The Virtual Reality component allows users to navigate (using a VR headset) through the QR code itself, which is rendered in 3D as a massive labyrinth containing information about the virus, diagrams, photographs, images linked to ancestral plagues, videopoems, and more. This immersive search for the “center” also serves as a meditation on human vulnerability and its effect on our shared environment.
The QR code thus serves as the ultimate gateway to experiencing reality—both personally and collectively—paradoxically accessed through its virtual or electronic form.

Working between English and Spanish, with projects that often include bilingual elements, how does language choice affect the technological possibilities of your work?

Paraphrasing—while questioning—the dictum “In the beginning was the Word,” I see the Poem as the origin of all my projects. My primary language is Spanish, though English inevitably enters my work—not only as my adopted tongue but as the dominant language of technology.

In Robopoem@s, English and Spanish intersect: “Te llego / y Soy. Your flesh, / mi carencia. Tu carne, / my shift / a que aspiro.” My first hypertext work, VeloCity, wove English into Spanish, but also included words in German and French alongside neologisms (Velociudad, velópata, velógamo), evoking the global circuitry of the internet while paying homage to the avant-garde. My Poesía LED project also incorporates English: “Read aloud / Grita / Luz Light / Emitting / Diodos / Transmitting / Poesía LED.”

My journey as a poet is primarily expressed in Spanish, with occasional translations into English as a necessary way to communicate and connect from the U.S. and around the world. I have sometimes critiqued the linguistic and theoretical imperialism of dominant English, acknowledging its limitations but also taking advantage of the open communication it enables through technology. Perhaps the last piece of my triptych Emblem/as—which questions the principles of nationhood from a nomadic poetic/ethical identity and is titled “United Estados”—is my most direct commentary on the intersection of identity and language concerning English. The triptych features Flash-created interfaces (now converted to HTML5), where content and form merge in the poetic–technological goal of interaction, as meanings emerge when the mouse “breaks” the flags or “emblems” that compose it.

I work bilingually—and often polylingually—as a political choice, resisting monolingual code structures.

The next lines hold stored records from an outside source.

lemma laurent_expansion_dzeta_coeff:
  assumes "c \<le> D"
  shows "laurent_expansion (dzeta_coeff c) D (laurent_coeff c)"
proof (cases "c = 0")
  case True
  then show ?thesis
    unfolding laurent_expansion_def
    by (intro exI[of _ 1] exI[of _ "-1"]) (simp add: dzeta_coeff_def laurent_coeff_def)
next
  case False
  let ?a = "coeff (power_sum_poly c)"
  have "dzeta_coeff c N = ?a (c + 1) * of_nat N + ?a c + (\<Sum>d\<in>{1..D}. laurent_coeff c d / of_nat N ^ d)"
    if "N \<ge> 1" for N
  proof -
    define x :: rat where "x = of_nat N"
    have "x \<noteq> 0" using that by (simp add: x_def)
    have "(\<Sum>m\<in>{1..<N}. of_nat m ^ c) = (\<Sum>m<N. (of_nat m :: rat) ^ c)"
      using False by (intro sum.mono_neutral_left) auto
    also have "\<dots> = (\<Sum>i<c. ?a i * x ^ i) + ?a c * x ^ c + ?a (c + 1) * x ^ (c + 1)"
      by (simp add: poly_power_sum_poly_of_nat[symmetric] poly_altdef_le[OF degree_power_sum_poly]
          x_def lessThan_Suc_atMost[symmetric])
    finally have "dzeta_coeff c N = (\<Sum>i<c. ?a i * x ^ i / x ^ c) + ?a c + ?a (c + 1) * x"
      using \<open>x \<noteq> 0\<close>
      by (simp add: dzeta_coeff_def x_def[symmetric] add_divide_distrib sum_divide_distrib)
    also have "(\<Sum>i<c. ?a i * x ^ i / x ^ c) = (\<Sum>i<c. ?a i / x ^ (c - i))"
      using \<open>x \<noteq> 0\<close> by (intro sum.cong) (simp_all add: power_diff)
    also have "\<dots> = (\<Sum>d\<in>{1..c}. laurent_coeff c d / x ^ d)"
      by (rule sum.reindex_bij_witness[of _ "\<lambda>d. c - d" "\<lambda>i. c - i"]) (auto simp: laurent_coeff_def)
    also have "\<dots> = (\<Sum>d\<in>{1..D}. laurent_coeff c d / x ^ d)"
      using assms by (intro sum.mono_neutral_left) (auto simp: laurent_coeff_greater)
    finally show ?thesis by (simp add: x_def)
  qed
  then show ?thesis unfolding laurent_expansion_def by blast
qed

lemma dzeta_coeff_nonneg: "dzeta_coeff c N \<ge> 0"
  by (simp add: dzeta_coeff_def sum_nonneg)
(* For all integers $n\geq 1$, $m\geq 0$, $\operatorname{diam}(Y_{n,m})=\operatorname{ecc}_{Z_{n,m}}(0)$, where $\operatorname{ecc}_{Z_{n,m}}(0)$ is the maximum graph distance in $Z_{n,m}$ from the all-zero vertex $0$ to any vertex.
   Context: Elements of $\mathbb{Z}_n$ are identified with their representatives in $\{0,\dots,n-1\}$. For a subset $S\subseteq\mathbb{Z}$, consider vertices $u=(u_0,\dots,u_{m+1})\in\mathbb{Z}_n\times S^m\times\mathbb{Z}_n$ with $\sum_{i=0}^{m+1}u_i\equiv0\pmod n$; two such vertices $u,v$ are adjacent if there is $0\leq i\leq m$ such that $u_j=v_j$ for all $j\notin\{i,i+1\}$ and either ($u_i=v_i+1$, $u_{i+1}=v_{i+1}-1$) or ($u_i=v_i-1$, $u_{i+1}=v_{i+1}+1$), with arithmetic in coordinates $0,m+1$ taken in $\mathbb{Z}_n$ and in coordinates $1,\dots,m$ in $\mathbb{Z}$. The Yoke graph $Y_{n,m}$ is this graph for $S=\{0,1\}$; the dYoke graph $Z_{n,m}$ is this graph for $S=\{-1,0,1\}$. The vertex $(0,\dots,0)$ is denoted $0$. *)

theory Defs
  imports Main "HOL-Library.Extended_Nat"
begin

text \<open>A vertex (u_0,...,u_{m+1}) is represented as an int list of length m+2.
  Coordinates 0 and m+1 are elements of Z_n (representatives in {0..n-1}),
  coordinates 1..m lie in S.\<close>

definition gvert :: "nat \<Rightarrow> nat \<Rightarrow> int set \<Rightarrow> int list set" where
  "gvert n m S = {u. length u = m + 2 \<and> u ! 0 \<in> {0..<int n} \<and> u ! (m+1) \<in> {0..<int n}
      \<and> (\<forall>j\<in>{1..m}. u ! j \<in> S) \<and> (\<Sum>j<m+2. u ! j) mod int n = 0}"

definition coord_add :: "nat \<Rightarrow> nat \<Rightarrow> nat \<Rightarrow> int \<Rightarrow> int \<Rightarrow> int" where
  "coord_add n m j x d = (if j = 0 \<or> j = m + 1 then (x + d) mod int n else x + d)"

definition gadj :: "nat \<Rightarrow> nat \<Rightarrow> int set \<Rightarrow> int list \<Rightarrow> int list \<Rightarrow> bool" where
  "gadj n m S u v \<longleftrightarrow> u \<in> gvert n m S \<and> v \<in> gvert n m S \<and>
     (\<exists>i\<le>m. \<exists>d\<in>{1, -1}. (\<forall>j<m+2. j \<noteq> i \<and> j \<noteq> Suc i \<longrightarrow> u ! j = v ! j)
        \<and> u ! i = coord_add n m i (v ! i) d
        \<and> u ! Suc i = coord_add n m (Suc i) (v ! Suc i) (- d))"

Sometimes, meaning ruptures beautifully in translation, and sometimes it collapses. That instability is part of the work. It’s also reflected in project titles like Robopoem@s, Destructivism/o, Emblem/as, and in my alter(ed) ego, Alm@ Pérez.

Where do you see digital literature going in the future?

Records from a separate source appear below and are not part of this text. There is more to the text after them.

definition nondeg_quasi_concave :: "(real \<Rightarrow> real) \<Rightarrow> bool" where
  "nondeg_quasi_concave \<phi> \<longleftrightarrow>
     (\<forall>t>0. \<phi> t > 0) \<and>
     (\<forall>s t. 0 < s \<longrightarrow> s \<le> t \<longrightarrow> \<phi> s \<le> \<phi> t) \<and>
     (\<forall>s t. 0 < s \<longrightarrow> s \<le> t \<longrightarrow> \<phi> t / t \<le> \<phi> s / s) \<and>
     (\<phi> \<longlongrightarrow> 0) (at_right 0) \<and>
     ((\<lambda>t. \<phi> t / t) \<longlongrightarrow> 0) at_top \<and>
     ((\<lambda>t. t / \<phi> t) \<longlongrightarrow> 0) (at_right 0) \<and>
     ((\<lambda>t. 1 / \<phi> t) \<longlongrightarrow> 0) at_top"

text \<open>A positive sequence is strongly increasing if \<open>inf_k a_{k+1}/a_k \<ge> 2\<close>,
  strongly decreasing if \<open>sup_k a_{k+1}/a_k \<le> 1/2\<close>; stated pointwise (inf/sup bounds are equivalent to pointwise bounds, and this avoids Sup of possibly unbounded real sets).\<close>

definition strongly_increasing :: "(int \<Rightarrow> real) \<Rightarrow> bool" where
  "strongly_increasing a \<longleftrightarrow> (\<forall>k. a k > 0) \<and> (\<forall>k. a (k + 1) / a k \<ge> 2)"

definition strongly_decreasing :: "(int \<Rightarrow> real) \<Rightarrow> bool" where
  "strongly_decreasing a \<longleftrightarrow> (\<forall>k. a k > 0) \<and> (\<forall>k. a (k + 1) / a k \<le> 1 / 2)"

definition discretizing_sequence :: "(real \<Rightarrow> real) \<Rightarrow> (int \<Rightarrow> real) \<Rightarrow> bool" where
  "discretizing_sequence \<phi> t \<longleftrightarrow>
     strongly_increasing t \<and>
     strongly_increasing (\<lambda>k. \<phi> (t k)) \<and>
     strongly_decreasing (\<lambda>k. \<phi> (t k) / t k) \<and>
     (\<exists>Z1 Z2. Z1 \<inter> Z2 = {} \<and> Z1 \<union> Z2 = UNIV \<and>
        (\<forall>k\<in>Z1. \<phi> (t (k + 1)) \<le> 2 * \<phi> (t k)) \<and>
        (\<forall>k\<in>Z2. \<phi> (t k) / t k \<le> 2 * (\<phi> (t (k + 1)) / t (k + 1))))"

definition enn_powr :: "ennreal \<Rightarrow> real \<Rightarrow> ennreal" where
  "enn_powr a r = (if a = \<infinity> then \<infinity> else ennreal (enn2real a powr r))"

definition lnorm :: "ennreal \<Rightarrow> ('i \<Rightarrow> ennreal) \<Rightarrow> ennreal" where
  "lnorm p a = (if p = \<infinity> then (SUP i. a i)
                else enn_powr (\<Sum>\<^sub>\<infinity>i. enn_powr (a i) (enn2real p)) (1 / enn2real p))"

definition lq_weighted_norm :: "ennreal \<Rightarrow> (int \<Rightarrow> real) \<Rightarrow> (int \<Rightarrow> real) \<Rightarrow> ennreal" where
  "lq_weighted_norm q u a = lnorm q (\<lambda>i. ennreal \<bar>a i * u i\<bar>)"

definition lp_lq_blocks_weighted_norm ::
  "ennreal \<Rightarrow> ennreal \<Rightarrow> (int \<Rightarrow> int set) \<Rightarrow> (int \<Rightarrow> real) \<Rightarrow> (int \<Rightarrow> real) \<Rightarrow> ennreal" where
  "lp_lq_blocks_weighted_norm p q M u a =
     lnorm p (\<lambda>k. lnorm q (\<lambda>i. if i \<in> M k then ennreal \<bar>a i * u i\<bar> else 0))"

definition Kfun :: "('a::plus \<Rightarrow> ennreal) \<Rightarrow> ('a \<Rightarrow> ennreal) \<Rightarrow> real \<Rightarrow> 'a \<Rightarrow> ennreal" where
  "Kfun N0 N1 t x = (INF y \<in> {(x0, x1). x = x0 + x1}. N0 (fst y) + ennreal t * N1 (snd y))"

definition interp_norm ::
  "('a::plus \<Rightarrow> ennreal) \<Rightarrow> ('a \<Rightarrow> ennreal) \<Rightarrow> (real \<Rightarrow> real) \<Rightarrow> (int \<Rightarrow> real) \<Rightarrow> ennreal \<Rightarrow> 'a \<Rightarrow> ennreal" where
  "interp_norm N0 N1 \<phi> t p x = lnorm p (\<lambda>k. Kfun N0 N1 (t k) x / ennreal (\<phi> (t k)))"

text \<open>Equality of spaces with equivalent norms (norm \<open>\<infinity>\<close> means: not in the space).\<close>
definition equiv_spaces :: "('a \<Rightarrow> ennreal) \<Rightarrow> ('a \<Rightarrow> ennreal) \<Rightarrow> bool" where
  "equiv_spaces N1 N2 \<longleftrightarrow>
     (\<exists>C>0. \<forall>x. N1 x \<le> ennreal C * N2 x \<and> N2 x \<le> ennreal C * N1 x)"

I believe the future is the present—something inherent to the practice of electronic literature itself: as new creative forms emerge, new dynamics will continue to develop to “expand” the very idea of digital or electronic literature (“expand” being a term I’ve used in various multimodal projects). In that evolving past, the future points toward other forms of expression beyond traditional language, or similar to ancestral variants: now and in the future, it will include emoji, VR, neuro-activated AR, bioimplants, 3D worlds—emerging alongside the commodification and personalization of experience, or its dispersal into multiple interactive selves.

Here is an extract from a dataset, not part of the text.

(* Let $X$ be the compact symplectic toric manifold determined by a moment polytope $P=\bigcap_{j=1}^m\{\mathbf{u}\in\mathbb{R}^n : \ell_j(\mathbf{u})\ge 0\}\subset\mathbb{R}^n$, where $\ell_j(\mathbf{u})=\langle \mathbf{u},\mathbf{v}_j\rangle-\lambda_j$. For a point $\mathbf{u}$ in the interior of $P$, the following are equivalent: (1) The toric fiber $L(\mathbf{u})$ is strongly bulk-balanced. (2) $\mathbf{u}\in\mathrm{Trop}(P,\mathbf{m})$ for every lattice point $\mathbf{m}\in\mathbb{Z}^n$. (3) $\mathbf{u}\in\mathrm{Trop}(P,\mathbf{m})$ for every primitive lattice point $\mathbf{m}\in\mathbb{Z}^n$ that is orthogonal to some $(n-1)$-dimensional subspace of $\mathbb{R}^n$ spanned by facet normal vectors $\mathbf{v}_j$ of $P$.
   Context: The moment polytope is written uniquely as $P=\bigcap_{j=1}^m\{\mathbf{u}: \langle\mathbf{u},\mathbf{v}_j\rangle\ge\lambda_j\}$ with $\mathbf{v}_j\in\mathbb{Z}^n$ primitive inward normals and the intersection non-redundant (each half-space bounds a distinct facet); $\ell_j(\mathbf{u}):=\langle\mathbf{u},\mathbf{v}_j\rangle-\lambda_j$. $L(\mathbf{u})$ denotes the Lagrangian torus fiber of the moment map over $\mathbf{u}$. Tropicalization relative to $\mathbf{m}\in\mathbb{Z}^n$: $\mathrm{Trop}(P,\mathbf{m})$ is the non-differentiable locus of the piecewise-linear function $\mathbf{u}\mapsto\min\{\ell_j(\mathbf{u}) : \langle\mathbf{m},\mathbf{v}_j\rangle\neq0\}$; equivalently the set of $\mathbf{u}$ at which this minimum is attained by at least two distinct indices $j_1\ne j_2$ with $\langle \mathbf{m},\mathbf{v}_{j_1}\rangle\neq 0\neq\langle \mathbf{m},\mathbf{v}_{j_2}\rangle$. By convention $\mathrm{Trop}(P,\mathbf{0})=\mathbb{R}^n$. Strongly bulk-balanced: for $\mathbf{u}\in\mathrm{Int}(P)$ let $S_1<S_2<\cdots$ be the distinct values among $\ell_1(\mathbf{u}),\dots,\ell_m(\mathbf{u})$ and $I_l=\{j:\ell_j(\mathbf{u})=S_l\}$. Let $A_l^\perp=\mathrm{span}_\mathbb{R}\{\mathbf{v}_j : j\in I_1\cup\dots\cup I_l\}$ ($A_0^\perp=0$), $d_l=\dim A_l^\perp-\dim A_{l-1}^\perp$, and $\kappa$ the smallest $l$ with $A_l^\perp=\mathbb{R}^n$. Choose vectors $e^*_{r,s}\in\mathbb{Q}^n$ ($1\le r\le\kappa$, $1\le s\le d_r$) such that for each $l$, $\{e^*_{r,s}: r\le l\}$ is a $\mathbb{Q}$-basis of $A_l^\perp\cap\mathbb{Q}^n$, and every $\mathbf{v}_j$ lies in $\bigoplus_{r,s}\mathbb{Z}e^*_{r,s}$. Write $\mathbf{v}_j=\sum_{r,s}v_j^{r,s}e^*_{r,s}$ and $\mathbf{y}^{\mathbf{v}_j}=\prod_{r,s}y_{r,s}^{v_j^{r,s}}$ in variables $y_{r,s}$. For $c=(c_1,\dots,c_m)\in(\mathbb{C}^* )^m$ and $1\le l\le\kappa$ put $F^c_l(\mathbf{y})=\sum_{j\in I_l}c_j\,\mathbf{y}^{\mathbf{v}_j}$. The generalized leading term equation (for $c$) is the system $y_{l,s}\,\partial F^c_l/\partial y_{l,s}=0$ for all $1\le l\le\kappa$, $1\le s\le d_l$. The fiber $L(\mathbf{u})$ is strongly bulk-balanced if for some $c\in(\mathbb{C}^* )^m$ this system has a solution $(y_{r,s})\in(\mathbb{C}^* )^n$ (whether such a solution exists does not depend on the choice of the vectors $e^*_{r,s}$). *)

theory Defs
  imports "HOL-Analysis.Analysis"
begin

The most compelling development is AI as co-creator, with models that present themselves not as “tools,” but as agents and collaborators. I’ve connected these new AI-based digital products to the “xenobot” as an allegorical result: a new hybrid interspecies entity, a biological–cybernetic creation that self-evolves. Maybe the term “electronic literature” should be redefined to include, in some way, this process of continuity, collaboration, and growth. But the digital also encompasses “digit”—a sensory matter, touch, materiality—and perhaps a more inclusive postdigital multiplicity is already implied in where we find or will find, ourselves.